■ Exercise instructions
The reply should consist of the full listing, repeated word for word.

Source information section start

lemma weak_join_trans:
  assumes "R \<in> trans_int_rels n" and "S \<in> trans_int_rels n"
  shows "trans (weak_join n R S)"
proof (rule transI)
  have tR: "trans R" and tS: "trans S" and iR: "int_rel n R" and iS: "int_rel n S"
    using assms by (auto simp: trans_int_rels_def)
  let ?D = "dec_union R S"
  have refl_or_dec: "(x, z) \<in> weak_join n R S" if "(x, z) \<in> ?D\<^sup>*" "x \<in> {1..n}" for x z
    using that by (auto simp: weak_join_def rtrancl_eq_or_trancl)
  fix x y z assume xy: "(x, y) \<in> weak_join n R S" and yz: "(y, z) \<in> weak_join n R S"
  consider "x = y" | "y = z" | "(x, y) \<in> ?D\<^sup>+" "(y, z) \<in> ?D\<^sup>+"
    | "(x, y) \<in> ?D\<^sup>+" "join_inc R S y z" | "join_inc R S x y" "(y, z) \<in> ?D\<^sup>+"
    | "join_inc R S x y" "join_inc R S y z"
    using xy yz unfolding weak_join_def by auto
  then show "(x, z) \<in> weak_join n R S"
  proof cases
    case 3
    then show ?thesis unfolding weak_join_def by (meson UnI1 UnI2 trancl_trans)
  next
    case 4
    show ?thesis
    proof (cases "x < z")
      case True
      then have "join_inc R S x z" using join_inc_rtrancl_left 4 by (meson trancl_into_rtrancl)
      then show ?thesis by (simp add: weak_join_def)
    next
      case False
      then have "(x, z) \<in> ?D\<^sup>*"
        using join_inc_absorb_left[OF tR tS 4(2)] 4(1) by (simp add: trancl_into_rtrancl)
      moreover have "x \<in> {1..n}" using 4(1) trancl_dec_union_subset[OF iR iS] by auto
      ultimately show ?thesis by (rule refl_or_dec)
    qed
  next
    case 5
    show ?thesis
    proof (cases "x < z")
      case True
      then have "join_inc R S x z" using join_inc_rtrancl_right 5 by (meson trancl_into_rtrancl)
      then show ?thesis by (simp add: weak_join_def)
    next
      case False
      then have "(x, z) \<in> ?D\<^sup>*"
        using join_inc_absorb_right[OF tR tS 5(1)] 5(2) by (simp add: trancl_into_rtrancl)
      moreover have "x \<in> {1..n}" using join_inc_mem[OF 5(1)] iR by (auto simp: int_rel_def)
      ultimately show ?thesis by (rule refl_or_dec)
    qed
  next
    case 6
    then show ?thesis using join_inc_trans[OF tR tS] unfolding weak_join_def by auto
  qed (use xy yz in auto)
qed

lemma weak_join_is_lub:
  assumes R: "R \<in> trans_int_rels n" and S: "S \<in> trans_int_rels n"
  shows "is_weak_lub (trans_int_rels n) R S (weak_join n R S)"
proof -
  have iR: "int_rel n R" and iS: "int_rel n S" using R S by (auto simp: trans_int_rels_def)
  let ?J = "weak_join n R S" and ?D = "dec_union R S"
  have inc_J: "join_inc R S a b" if "(a, b) \<in> ?J" "a < b" for a b
    using that trancl_dec_union_less[of a b R S] unfolding weak_join_def by auto
  have dec_J: "(b, a) \<in> ?D\<^sup>+" if "(b, a) \<in> ?J" "a < b" for a b
    using that join_inc_less[of R S b a] unfolding weak_join_def by auto
  have J_le: "weak_le X ?J" if "X = R \<or> X = S" for X
    unfolding weak_le_def
  proof
    show "Inc ?J \<subseteq> Inc X"
      using that by (auto simp: Inc_def dest!: inc_J join_inc_mem)
    show "Dec X \<subseteq> Dec ?J"
      using that by (auto simp: Dec_def weak_join_def dec_union_def)
  qed
  have J_least: "weak_le ?J U" if U: "U \<in> trans_int_rels n" "weak_le R U" "weak_le S U" for U
  proof -
    have tU: "trans U" using U by (simp add: trans_int_rels_def)
    have D_U: "?D \<subseteq> U" using U(2,3) unfolding weak_le_def dec_union_def by auto
    then have trancl_D_U: "?D\<^sup>+ \<subseteq> U"
      using trancl_mono trancl_id[OF tU] by blast
    have inc_U: "(x, z) \<in> R \<and> (x, z) \<in> S" if "(x, z) \<in> U" "x < z" for x z
      using that U(2,3) unfolding weak_le_def by (metis mem_Inc_iff subsetD)
    have "join_inc R S a c" if ac: "(a, c) \<in> U" "a < c" for a c
    proof -
      have "(x, z) \<in> U" if "(x, a) \<in> ?D\<^sup>*" "(c, z) \<in> ?D\<^sup>*" for x z
      proof -
        have "x = a \<or> (x, a) \<in> U" "c = z \<or> (c, z) \<in> U"
          using that trancl_D_U by (auto simp: rtrancl_eq_or_trancl)
        then show ?thesis using ac(1) tU by (meson transD)
      qed
      then show ?thesis
        using ac(2) inc_U unfolding join_inc_def by blast
    qed
    then have "Inc U \<subseteq> Inc ?J" by (auto simp: Inc_def weak_join_def)
    moreover have "Dec ?J \<subseteq> Dec U"
      using dec_J trancl_D_U by (auto simp: Dec_def)
    ultimately show ?thesis by (simp add: weak_le_def)
  qed
  have "?J \<in> trans_int_rels n"
    using weak_join_int_rel[OF iR iS] weak_join_trans[OF R S] by (simp add: trans_int_rels_def)
  then show ?thesis unfolding is_weak_lub_def using J_le J_least by blast
qed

Source information section end

■ Result for this exercise
lemma weak_join_trans:
  assumes "R \<in> trans_int_rels n" and "S \<in> trans_int_rels n"
  shows "trans (weak_join n R S)"
proof (rule transI)
  have tR: "trans R" and tS: "trans S" and iR: "int_rel n R" and iS: "int_rel n S"
    using assms by (auto simp: trans_int_rels_def)
  let ?D = "dec_union R S"
  have refl_or_dec: "(x, z) \<in> weak_join n R S" if "(x, z) \<in> ?D\<^sup>*" "x \<in> {1..n}" for x z
    using that by (auto simp: weak_join_def rtrancl_eq_or_trancl)
  fix x y z assume xy: "(x, y) \<in> weak_join n R S" and yz: "(y, z) \<in> weak_join n R S"
  consider "x = y" | "y = z" | "(x, y) \<in> ?D\<^sup>+" "(y, z) \<in> ?D\<^sup>+"
    | "(x, y) \<in> ?D\<^sup>+" "join_inc R S y z" | "join_inc R S x y" "(y, z) \<in> ?D\<^sup>+"
    | "join_inc R S x y" "join_inc R S y z"
    using xy yz unfolding weak_join_def by auto
  then show "(x, z) \<in> weak_join n R S"
  proof cases
    case 3
    then show ?thesis unfolding weak_join_def by (meson UnI1 UnI2 trancl_trans)
  next
    case 4
    show ?thesis
    proof (cases "x < z")
      case True
      then have "join_inc R S x z" using join_inc_rtrancl_left 4 by (meson trancl_into_rtrancl)
      then show ?thesis by (simp add: weak_join_def)
    next
      case False
      then have "(x, z) \<in> ?D\<^sup>*"
        using join_inc_absorb_left[OF tR tS 4(2)] 4(1) by (simp add: trancl_into_rtrancl)
      moreover have "x \<in> {1..n}" using 4(1) trancl_dec_union_subset[OF iR iS] by auto
      ultimately show ?thesis by (rule refl_or_dec)
    qed
  next
    case 5
    show ?thesis
    proof (cases "x < z")
      case True
      then have "join_inc R S x z" using join_inc_rtrancl_right 5 by (meson trancl_into_rtrancl)
      then show ?thesis by (simp add: weak_join_def)
    next
      case False
      then have "(x, z) \<in> ?D\<^sup>*"
        using join_inc_absorb_right[OF tR tS 5(1)] 5(2) by (simp add: trancl_into_rtrancl)
      moreover have "x \<in> {1..n}" using join_inc_mem[OF 5(1)] iR by (auto simp: int_rel_def)
      ultimately show ?thesis by (rule refl_or_dec)
    qed
  next
    case 6
    then show ?thesis using join_inc_trans[OF tR tS] unfolding weak_join_def by auto
  qed (use xy yz in auto)
qed

lemma weak_join_is_lub:
  assumes R: "R \<in> trans_int_rels n" and S: "S \<in> trans_int_rels n"
  shows "is_weak_lub (trans_int_rels n) R S (weak_join n R S)"
proof -
  have iR: "int_rel n R" and iS: "int_rel n S" using R S by (auto simp: trans_int_rels_def)
  let ?J = "weak_join n R S" and ?D = "dec_union R S"
  have inc_J: "join_inc R S a b" if "(a, b) \<in> ?J" "a < b" for a b
    using that trancl_dec_union_less[of a b R S] unfolding weak_join_def by auto
  have dec_J: "(b, a) \<in> ?D\<^sup>+" if "(b, a) \<in> ?J" "a < b" for a b
    using that join_inc_less[of R S b a] unfolding weak_join_def by auto
  have J_le: "weak_le X ?J" if "X = R \<or> X = S" for X
    unfolding weak_le_def
  proof
    show "Inc ?J \<subseteq> Inc X"
      using that by (auto simp: Inc_def dest!: inc_J join_inc_mem)
    show "Dec X \<subseteq> Dec ?J"
      using that by (auto simp: Dec_def weak_join_def dec_union_def)
  qed
  have J_least: "weak_le ?J U" if U: "U \<in> trans_int_rels n" "weak_le R U" "weak_le S U" for U
  proof -
    have tU: "trans U" using U by (simp add: trans_int_rels_def)
    have D_U: "?D \<subseteq> U" using U(2,3) unfolding weak_le_def dec_union_def by auto
    then have trancl_D_U: "?D\<^sup>+ \<subseteq> U"
      using trancl_mono trancl_id[OF tU] by blast
    have inc_U: "(x, z) \<in> R \<and> (x, z) \<in> S" if "(x, z) \<in> U" "x < z" for x z
      using that U(2,3) unfolding weak_le_def by (metis mem_Inc_iff subsetD)
    have "join_inc R S a c" if ac: "(a, c) \<in> U" "a < c" for a c
    proof -
      have "(x, z) \<in> U" if "(x, a) \<in> ?D\<^sup>*" "(c, z) \<in> ?D\<^sup>*" for x z
      proof -
        have "x = a \<or> (x, a) \<in> U" "c = z \<or> (c, z) \<in> U"
          using that trancl_D_U by (auto simp: rtrancl_eq_or_trancl)
        then show ?thesis using ac(1) tU by (meson transD)
      qed
      then show ?thesis
        using ac(2) inc_U unfolding join_inc_def by blast
    qed
    then have "Inc U \<subseteq> Inc ?J" by (auto simp: Inc_def weak_join_def)
    moreover have "Dec ?J \<subseteq> Dec U"
      using dec_J trancl_D_U by (auto simp: Dec_def)
    ultimately show ?thesis by (simp add: weak_le_def)
  qed
  have "?J \<in> trans_int_rels n"
    using weak_join_int_rel[OF iR iS] weak_join_trans[OF R S] by (simp add: trans_int_rels_def)
  then show ?thesis unfolding is_weak_lub_def using J_le J_least by blast
qed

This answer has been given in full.